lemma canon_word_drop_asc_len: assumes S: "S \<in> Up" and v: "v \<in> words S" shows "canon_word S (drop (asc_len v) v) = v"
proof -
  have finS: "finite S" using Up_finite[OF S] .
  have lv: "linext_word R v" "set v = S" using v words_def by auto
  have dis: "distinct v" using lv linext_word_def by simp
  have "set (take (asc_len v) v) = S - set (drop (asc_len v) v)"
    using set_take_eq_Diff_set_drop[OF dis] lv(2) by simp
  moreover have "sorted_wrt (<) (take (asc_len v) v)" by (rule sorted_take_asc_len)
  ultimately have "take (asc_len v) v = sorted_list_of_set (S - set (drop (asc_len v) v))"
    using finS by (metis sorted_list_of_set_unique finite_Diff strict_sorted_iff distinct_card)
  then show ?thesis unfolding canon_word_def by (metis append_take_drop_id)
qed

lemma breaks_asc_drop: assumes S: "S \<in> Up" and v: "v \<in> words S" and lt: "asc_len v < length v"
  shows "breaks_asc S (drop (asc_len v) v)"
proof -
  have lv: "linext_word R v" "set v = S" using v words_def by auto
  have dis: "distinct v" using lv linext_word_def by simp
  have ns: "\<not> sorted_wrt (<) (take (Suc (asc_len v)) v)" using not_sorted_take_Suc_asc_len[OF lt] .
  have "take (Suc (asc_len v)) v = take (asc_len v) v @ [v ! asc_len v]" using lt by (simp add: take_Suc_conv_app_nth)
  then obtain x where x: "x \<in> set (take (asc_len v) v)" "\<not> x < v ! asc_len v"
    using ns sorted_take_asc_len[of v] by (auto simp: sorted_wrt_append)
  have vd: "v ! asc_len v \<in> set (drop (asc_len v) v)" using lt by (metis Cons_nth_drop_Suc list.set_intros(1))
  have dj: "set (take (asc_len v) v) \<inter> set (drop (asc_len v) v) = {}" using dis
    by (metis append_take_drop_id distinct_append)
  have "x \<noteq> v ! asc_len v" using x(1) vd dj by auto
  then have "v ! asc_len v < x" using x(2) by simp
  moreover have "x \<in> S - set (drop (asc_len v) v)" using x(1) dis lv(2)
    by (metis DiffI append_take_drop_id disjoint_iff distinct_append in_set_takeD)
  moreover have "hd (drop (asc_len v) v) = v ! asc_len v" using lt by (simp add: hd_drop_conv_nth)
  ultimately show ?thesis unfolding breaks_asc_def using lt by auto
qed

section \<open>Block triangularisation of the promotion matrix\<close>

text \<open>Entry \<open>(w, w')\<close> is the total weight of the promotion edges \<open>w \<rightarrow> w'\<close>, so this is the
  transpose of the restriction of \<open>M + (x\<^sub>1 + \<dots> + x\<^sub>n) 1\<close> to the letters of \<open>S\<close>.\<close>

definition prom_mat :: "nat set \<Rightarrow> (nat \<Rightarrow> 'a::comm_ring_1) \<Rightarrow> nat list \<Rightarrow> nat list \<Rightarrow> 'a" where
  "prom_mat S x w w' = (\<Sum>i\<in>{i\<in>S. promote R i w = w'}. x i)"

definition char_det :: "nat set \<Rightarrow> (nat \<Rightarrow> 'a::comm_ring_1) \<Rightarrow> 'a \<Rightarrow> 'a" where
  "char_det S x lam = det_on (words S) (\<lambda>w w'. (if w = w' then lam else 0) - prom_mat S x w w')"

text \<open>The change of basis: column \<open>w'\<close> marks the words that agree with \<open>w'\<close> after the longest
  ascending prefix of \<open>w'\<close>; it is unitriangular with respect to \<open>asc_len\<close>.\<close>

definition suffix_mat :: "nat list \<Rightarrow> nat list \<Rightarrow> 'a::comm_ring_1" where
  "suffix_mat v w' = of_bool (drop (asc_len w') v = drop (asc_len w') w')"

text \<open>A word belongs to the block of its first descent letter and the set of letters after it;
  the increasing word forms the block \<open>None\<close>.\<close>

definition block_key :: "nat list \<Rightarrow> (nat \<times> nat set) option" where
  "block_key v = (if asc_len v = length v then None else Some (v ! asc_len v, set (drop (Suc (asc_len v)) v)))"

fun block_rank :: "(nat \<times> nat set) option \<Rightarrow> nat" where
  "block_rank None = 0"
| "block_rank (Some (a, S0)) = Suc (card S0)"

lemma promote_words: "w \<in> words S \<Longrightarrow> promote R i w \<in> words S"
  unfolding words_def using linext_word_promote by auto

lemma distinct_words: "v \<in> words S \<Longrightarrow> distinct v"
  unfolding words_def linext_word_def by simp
= = = =
## THE PROBLEM
Copy the whole of the data above exactly.

## TASK RESPONSE
lemma canon_word_drop_asc_len: assumes S: "S \<in> Up" and v: "v \<in> words S" shows "canon_word S (drop (asc_len v) v) = v"
proof -
  have finS: "finite S" using Up_finite[OF S] .
  have lv: "linext_word R v" "set v = S" using v words_def by auto
  have dis: "distinct v" using lv linext_word_def by simp
  have "set (take (asc_len v) v) = S - set (drop (asc_len v) v)"
    using set_take_eq_Diff_set_drop[OF dis] lv(2) by simp
  moreover have "sorted_wrt (<) (take (asc_len v) v)" by (rule sorted_take_asc_len)
  ultimately have "take (asc_len v) v = sorted_list_of_set (S - set (drop (asc_len v) v))"
    using finS by (metis sorted_list_of_set_unique finite_Diff strict_sorted_iff distinct_card)
  then show ?thesis unfolding canon_word_def by (metis append_take_drop_id)
qed

lemma breaks_asc_drop: assumes S: "S \<in> Up" and v: "v \<in> words S" and lt: "asc_len v < length v"
  shows "breaks_asc S (drop (asc_len v) v)"
proof -
  have lv: "linext_word R v" "set v = S" using v words_def by auto
  have dis: "distinct v" using lv linext_word_def by simp
  have ns: "\<not> sorted_wrt (<) (take (Suc (asc_len v)) v)" using not_sorted_take_Suc_asc_len[OF lt] .
  have "take (Suc (asc_len v)) v = take (asc_len v) v @ [v ! asc_len v]" using lt by (simp add: take_Suc_conv_app_nth)
  then obtain x where x: "x \<in> set (take (asc_len v) v)" "\<not> x < v ! asc_len v"
    using ns sorted_take_asc_len[of v] by (auto simp: sorted_wrt_append)
  have vd: "v ! asc_len v \<in> set (drop (asc_len v) v)" using lt by (metis Cons_nth_drop_Suc list.set_intros(1))
  have dj: "set (take (asc_len v) v) \<inter> set (drop (asc_len v) v) = {}" using dis
    by (metis append_take_drop_id distinct_append)
  have "x \<noteq> v ! asc_len v" using x(1) vd dj by auto
  then have "v ! asc_len v < x" using x(2) by simp
  moreover have "x \<in> S - set (drop (asc_len v) v)" using x(1) dis lv(2)
    by (metis DiffI append_take_drop_id disjoint_iff distinct_append in_set_takeD)
  moreover have "hd (drop (asc_len v) v) = v ! asc_len v" using lt by (simp add: hd_drop_conv_nth)
  ultimately show ?thesis unfolding breaks_asc_def using lt by auto
qed

section \<open>Block triangularisation of the promotion matrix\<close>

text \<open>Entry \<open>(w, w')\<close> is the total weight of the promotion edges \<open>w \<rightarrow> w'\<close>, so this is the
  transpose of the restriction of \<open>M + (x\<^sub>1 + \<dots> + x\<^sub>n) 1\<close> to the letters of \<open>S\<close>.\<close>

definition prom_mat :: "nat set \<Rightarrow> (nat \<Rightarrow> 'a::comm_ring_1) \<Rightarrow> nat list \<Rightarrow> nat list \<Rightarrow> 'a" where
  "prom_mat S x w w' = (\<Sum>i\<in>{i\<in>S. promote R i w = w'}. x i)"

definition char_det :: "nat set \<Rightarrow> (nat \<Rightarrow> 'a::comm_ring_1) \<Rightarrow> 'a \<Rightarrow> 'a" where
  "char_det S x lam = det_on (words S) (\<lambda>w w'. (if w = w' then lam else 0) - prom_mat S x w w')"

text \<open>The change of basis: column \<open>w'\<close> marks the words that agree with \<open>w'\<close> after the longest
  ascending prefix of \<open>w'\<close>; it is unitriangular with respect to \<open>asc_len\<close>.\<close>

definition suffix_mat :: "nat list \<Rightarrow> nat list \<Rightarrow> 'a::comm_ring_1" where
  "suffix_mat v w' = of_bool (drop (asc_len w') v = drop (asc_len w') w')"

text \<open>A word belongs to the block of its first descent letter and the set of letters after it;
  the increasing word forms the block \<open>None\<close>.\<close>

definition block_key :: "nat list \<Rightarrow> (nat \<times> nat set) option" where
  "block_key v = (if asc_len v = length v then None else Some (v ! asc_len v, set (drop (Suc (asc_len v)) v)))"

fun block_rank :: "(nat \<times> nat set) option \<Rightarrow> nat" where
  "block_rank None = 0"
| "block_rank (Some (a, S0)) = Suc (card S0)"

lemma promote_words: "w \<in> words S \<Longrightarrow> promote R i w \<in> words S"
  unfolding words_def using linext_word_promote by auto

lemma distinct_words: "v \<in> words S \<Longrightarrow> distinct v"
  unfolding words_def linext_word_def by simp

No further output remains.